I wrap the part of the string that lays in the grove with yarn.


----------



## emrah (Aug 28, 2012)

It does a little bit. I use Velcro. String puffs or shooting a nice heavy arrow is much more effective.

Emrah 


Sent from my iPhone using Tapatalk


----------



## Tom_AZ (Mar 14, 2014)

deadeye-1963 said:


> I wrap the part of the string that lays in the grove with yarn.


Yup. Seems to help


Sent from my iPhone using Tapatalk


----------



## Easykeeper (Jan 2, 2003)

deadeye-1963 said:


> I wrap the part of the string that lays in the grove with yarn.


That's what I do too. Wrap wool yarn _tightly_ from the end of the loop down the string to a point about 1" past the last point of contact between the limb and string when the bow is at brace. Serve the end so it stays tight.

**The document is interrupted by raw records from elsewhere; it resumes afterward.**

(* Let $n\geq5$ and $J=J(P_n)$. Let $u,v\in G(J)$ be such that $x_{n-1}x_{n-4}$ divides $u$ and $x_nx_{n-3}$ divides $v$. Then $uv$ is not a minimal generator of $J^2$. Moreover, there exists a $2$-fold product $pw\in F(J^2)$ such that $pw$ divides $uv$ and $pw>_{\mathcal R}uv$.
   Context: Let $K$ be a field. For $m\geq 1$, $P_m$ is the path graph on vertices $x_1,\ldots,x_m$ with edges $\{x_i,x_{i+1}\}$. The cover ideal $J(P_m)$ is generated by the monomials $\prod_{x\in C}x$ with $C$ a minimal vertex cover of $P_m$. For a monomial ideal $I$, $G(I)$ is its set of minimal monomial generators and $F(I^2)=\{uv:u,v\in G(I)\}$. The rooted list $\mathcal R(P_m)$ is defined recursively: $\mathcal R(P_1)$ empty; $\mathcal R(P_2)=x_1,x_2$; $\mathcal R(P_3)=x_2,x_1x_3$; $\mathcal R(P_4)=x_1x_3,x_2x_3,x_2x_4$; for $m\geq5$, if $\mathcal R(P_{m-2})=u_1,\ldots,u_r$ and $\mathcal R(P_{m-3})=v_1,\ldots,v_s$, then $\mathcal R(P_m)=x_{m-1}u_1,\ldots,x_{m-1}u_r,x_mx_{m-2}v_1,\ldots,x_mx_{m-2}v_s$; it lists each element of $G(J(P_m))$ once. With $\mathcal R(P_m)=u_1,\ldots,u_q$, each $M\in F(J(P_m)^2)$ can be written $u_1^{a_1}\cdots u_q^{a_q}$ with $a_i\geq0$, $\sum a_i=2$; the maximal expression of $M$ is the one with lexicographically largest exponent vector. The rooted order on $F(J(P_m)^2)$: $M>_{\mathcal R}N$ iff the exponent vector of the maximal expression of $M$ is lexicographically larger than that of $N$. *)

theory Defs
  imports Main "HOL-Library.Multiset"
begin

text \<open>Monomials in the variables x_1, x_2, ... are encoded as multisets of indices:
  the monomial x_1^2 x_3 is the multiset {#1,1,3#}; multiplication is multiset sum
  and divisibility is multiset inclusion.\<close>

type_synonym monomial = "nat multiset"

definition path_edges :: "nat \<Rightarrow> nat set set" where
  "path_edges m = {{i, Suc i} | i. 1 \<le> i \<and> Suc i \<le> m}"

definition is_vertex_cover :: "nat \<Rightarrow> nat set \<Rightarrow> bool" where
  "is_vertex_cover m C \<longleftrightarrow> C \<subseteq> {1..m} \<and> (\<forall>e\<in>path_edges m. e \<inter> C \<noteq> {})"

definition is_min_vertex_cover :: "nat \<Rightarrow> nat set \<Rightarrow> bool" where
  "is_min_vertex_cover m C \<longleftrightarrow> is_vertex_cover m C \<and>
     (\<forall>D. D \<subset> C \<longrightarrow> \<not> is_vertex_cover m D)"

text \<open>G(J(P_m)): the minimal monomial generators of the cover ideal.\<close>
definition cover_gens :: "nat \<Rightarrow> monomial set" where
  "cover_gens m = {mset_set C | C. is_min_vertex_cover m C}"

definition F2 :: "monomial set \<Rightarrow> monomial set" where
  "F2 G = {u + v | u v. u \<in> G \<and> v \<in> G}"

definition min_gens_sq :: "monomial set \<Rightarrow> monomial set" where
  "min_gens_sq G = {M \<in> F2 G. \<not> (\<exists>N \<in> F2 G. N \<subset># M)}"

fun rooted_list :: "nat \<Rightarrow> monomial list" where
  "rooted_list 0 = []"
| "rooted_list (Suc 0) = []"
| "rooted_list (Suc (Suc 0)) = [{#1#}, {#2#}]"
| "rooted_list (Suc (Suc (Suc 0))) = [{#2#}, {#1, 3#}]"
| "rooted_list (Suc (Suc (Suc (Suc 0)))) = [{#1, 3#}, {#2, 3#}, {#2, 4#}]"
| "rooted_list (Suc (Suc (Suc (Suc (Suc k))))) =
     map (\<lambda>u. add_mset (k + 4) u) (rooted_list (k + 3)) @
     map (\<lambda>v. add_mset (k + 5) (add_mset (k + 3) v)) (rooted_list (k + 2))"

definition expressions :: "monomial list \<Rightarrow> monomial \<Rightarrow> nat list set" where
  "expressions R M = {a. length a = length R \<and> sum_list a = 2 \<and>
      (\<Sum>i<length R. repeat_mset (a ! i) (R ! i)) = M}"

definition max_expression :: "monomial list \<Rightarrow> monomial \<Rightarrow> nat list" where
  "max_expression R M = (THE a. a \<in> expressions R M \<and>
      (\<forall>b \<in> expressions R M. b = a \<or> lexordp (<) b a))"

definition rooted_gt :: "nat \<Rightarrow> monomial \<Rightarrow> monomial \<Rightarrow> bool" where
  "rooted_gt m M N \<longleftrightarrow>
     lexordp (<) (max_expression (rooted_list m) N) (max_expression (rooted_list m) M)"

end

theory Submission
  imports Defs "HOL-Library.Multiset_Order" "HOL-Library.List_Lexorder"
begin

text \<open>
  Write n = k + 5 and let U, V be the minimal vertex covers with u = x_U and v = x_V.
  Swapping the parts of U and V above k + 1 yields the minimal covers
  P = (U \<inter> [1, k]) \<union> {k+1, k+3, k+5} and W = (V \<inter> [1, k+1]) \<union> {k+2, k+4},
  and x_P x_W properly divides uv because U and V share the vertex k + 2 or k + 3.

  The rooted list enumerates the minimal covers of P_m in increasing multiset order of their
  monomials: C comes before D iff the largest vertex in which they differ lies in D.
  Every factorisation uv = x_S x_T into minimal covers has S and T after W, while W comes
  before P; so the exponent vector of x_W x_P exceeds the maximal expression of uv
  lexicographically, the first difference being at the position of W.
\<close>

section \<open>Squarefree monomials\<close>

lemma mset_set_less_mset_setI:
  fixes A B :: "'a::linorder set"
  assumes "finite A" "finite B" "t \<in> B" "t \<notin> A" "\<And>s. t < s \<Longrightarrow> s \<in> A \<longleftrightarrow> s \<in> B"
  shows "mset_set A < mset_set B"
  unfolding less_multiset\<^sub>H\<^sub>O
proof (intro conjI allI impI)
  show "mset_set A \<noteq> mset_set B"
    using assms by (metis count_mset_set(1,3) zero_neq_one)
  fix y assume "count (mset_set B) y < count (mset_set A) y"
  then have "y \<in> A" "y \<notin> B" using assms(1,2) by (auto simp: count_mset_set' split: if_splits)
  then have "y < t" using assms(3,5) by (metis linorder_neqE)
  then show "\<exists>x>y. count (mset_set A) x < count (mset_set B) x"
    using assms by (intro exI[of _ t]) simp
qed

lemma mset_set_plus_eqD:
  assumes "finite A" "finite B" "finite C" "finite D"
    and "mset_set A + mset_set B = mset_set C + mset_set D"
  shows "A \<union> B = C \<union> D" "A \<inter> B = C \<inter> D"
proof -
  have count_eq: "of_bool (x \<in> A) + of_bool (x \<in> B) = (of_bool (x \<in> C) + of_bool (x \<in> D) :: nat)" for x
  proof -
    have "count (mset_set X) x = of_bool (x \<in> X)" if "finite X" for X
      using that by simp
    then show ?thesis
      using arg_cong[OF assms(5), of "\<lambda>M. count M x"] assms(1-4) by (simp only: count_union)
  qed
  have union: "x \<in> X \<union> Y \<longleftrightarrow> 0 < (of_bool (x \<in> X) + of_bool (x \<in> Y) :: nat)" for x X Y
    by auto
  have inter: "x \<in> X \<inter> Y \<longleftrightarrow> (of_bool (x \<in> X) + of_bool (x \<in> Y) :: nat) = 2" for x X Y
    by auto
  show "A \<union> B = C \<union> D" "A \<inter> B = C \<inter> D"
    unfolding set_eq_iff union inter count_eq by simp_all
qed

lemma mset_set_plus_subset_mset:
  assumes "finite C" "finite D" "A \<union> B \<subseteq> C \<union> D" "A \<inter> B \<subset> C \<inter> D"
  shows "mset_set A + mset_set B \<subset># mset_set C + mset_set D"
proof -
  have "finite A" "finite B"
    using assms(1-3) by (meson finite_Un finite_subset le_sup_iff)+
  have "count (mset_set A + mset_set B) x \<le> count (mset_set C + mset_set D) x" for x
    using assms(3,4) \<open>finite A\<close> \<open>finite B\<close> assms(1,2) by (auto simp: count_mset_set')
  moreover obtain x where "x \<in> C \<inter> D" "x \<notin> A \<inter> B" using assms(4) by blast
  then have "count (mset_set A + mset_set B) x < count (mset_set C + mset_set D) x"
    using \<open>finite A\<close> \<open>finite B\<close> assms(1,2) by (auto simp: count_mset_set')
  ultimately show ?thesis
    by (metis mset_subset_eqI subset_mset.le_neq_trans less_irrefl)
qed

section \<open>Minimal vertex covers of paths\<close>

lemma is_vertex_cover_iff:
  "is_vertex_cover m C \<longleftrightarrow> C \<subseteq> {1..m} \<and> (\<forall>i. 1 \<le> i \<and> i < m \<longrightarrow> i \<in> C \<or> Suc i \<in> C)"
proof -
  have "path_edges m = (\<lambda>i. {i, Suc i}) ` {i. 1 \<le> i \<and> i < m}"
    unfolding path_edges_def by auto
  then show ?thesis
    unfolding is_vertex_cover_def by auto
qed

lemma is_min_vertex_cover_iff:
  "is_min_vertex_cover m C \<longleftrightarrow>
     is_vertex_cover m C \<and> (\<forall>c\<in>C. (2 \<le> c \<and> c - 1 \<notin> C) \<or> (c < m \<and> Suc c \<notin> C))"
proof (intro iffI conjI)
  assume min: "is_min_vertex_cover m C"
  then show cover: "is_vertex_cover m C"
    by (simp add: is_min_vertex_cover_def)
  show "\<forall>c\<in>C. (2 \<le> c \<and> c - 1 \<notin> C) \<or> (c < m \<and> Suc c \<notin> C)"
  proof (rule ballI, rule ccontr)
    fix c assume "c \<in> C"
      and no_private_edge: "\<not> ((2 \<le> c \<and> c - 1 \<notin> C) \<or> (c < m \<and> Suc c \<notin> C))"
    have "is_vertex_cover m (C - {c})"
      unfolding is_vertex_cover_iff
    proof (intro conjI allI impI)
      show "C - {c} \<subseteq> {1..m}" using cover by (auto simp: is_vertex_cover_iff)
      fix i assume "1 \<le> i \<and> i < m"
      then show "i \<in> C - {c} \<or> Suc i \<in> C - {c}"
        using cover no_private_edge by (auto simp: is_vertex_cover_iff)
    qed
    moreover have "C - {c} \<subset> C" using \<open>c \<in> C\<close> by auto
    ultimately show False using min by (simp add: is_min_vertex_cover_def)
  qed
next
  assume "is_vertex_cover m C \<and> (\<forall>c\<in>C. (2 \<le> c \<and> c - 1 \<notin> C) \<or> (c < m \<and> Suc c \<notin> C))"
  then have cover: "is_vertex_cover m C"
    and private_edge: "\<And>c. c \<in> C \<Longrightarrow> (2 \<le> c \<and> c - 1 \<notin> C) \<or> (c < m \<and> Suc c \<notin> C)"
    by auto
  have "\<not> is_vertex_cover m D" if "D \<subset> C" for D
  proof
    assume D: "is_vertex_cover m D"
    obtain c where c: "c \<in> C" "c \<notin> D" using \<open>D \<subset> C\<close> by auto
    then have "1 \<le> c" using cover by (auto simp: is_vertex_cover_iff)
    from private_edge[OF \<open>c \<in> C\<close>] show False
    proof
      assume "2 \<le> c \<and> c - 1 \<notin> C"
      moreover have "c \<le> m" using c cover by (auto simp: is_vertex_cover_iff)
      ultimately have "1 \<le> c - 1 \<and> c - 1 < m" by linarith
      then have "c - 1 \<in> D \<or> Suc (c - 1) \<in> D"
        using D unfolding is_vertex_cover_iff by blast
      then show False using \<open>2 \<le> c \<and> c - 1 \<notin> C\<close> \<open>D \<subset> C\<close> c by auto
    next
      assume "c < m \<and> Suc c \<notin> C"
      then have "c \<in> D \<or> Suc c \<in> D"
        using D \<open>1 \<le> c\<close> by (auto simp: is_vertex_cover_iff)
      then show False using \<open>c < m \<and> Suc c \<notin> C\<close> \<open>D \<subset> C\<close> c by auto
    qed
  qed
  then show "is_min_vertex_cover m C"
    using cover by (simp add: is_min_vertex_cover_def)
qed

I like the wrapped string better than anything on the limb, material on the limb seems to fill up the groove more, defeating it's purpose. I think wool yarn wrapped on the string still follows the groove the way the limb was intended.


----------



## GEREP (May 6, 2003)

I use yarn wrap on the first 4 or 5 inches below each string loop.

KPC


----------



## Viper1 (Aug 21, 2003)

lbf -

Kinda depends on where the noise is coming from, doesn't it?

Viper1 out.


----------



## Longbowfanatic (Mar 5, 2016)

Viper1 said:


> lbf -
> 
> Kinda depends on where the noise is coming from, doesn't it?
> 
> Viper1 out.


That's true. I was speaking in general terms about dampening recurve bows. I have a 68" ILF bow that has a loud rest that cannot be quieted. That said, I assumed that all recurves have a certain amount of string buzz, limb vibration and other noises associated with loosing an arrow. Taking bows like my string walking bow out of the equation, because lets face it, no one cares if tournament bows are loud. It seems that all other bows, and archers, may benefit by paying more attention to all methods of reducing noise and vibration.


----------



## jtkratzer (Dec 22, 2006)

Got told not to do that. You're adding weight to the area of the limb you don't want to slow down at all and it's made worse any time that material absorbs rain/moisture/etc. Proper tuning, string silencers and some weight is the way to go.


----------



## JParanee (Oct 13, 2009)

Viper1 said:


> lbf -
> 
> Kinda depends on where the noise is coming from, doesn't it?
> 
> Viper1 out.


That’s what I thinks  

I put a small piece of soft Velcro or mole skin or calf skin at the end of the string groove to avoid string limb slap 



I’ve been told by a few Bowyer’s to keep string grooves clear


----------



## BarneySlayer (Feb 28, 2009)

JParanee said:


> That’s what I thinks
> 
> I put a small piece of soft Velcro or mole skin or calf skin at the end of the string groove to avoid string limb slap
> 
> ...


This ^^^.... probably the most direct aproach, though not as pretty.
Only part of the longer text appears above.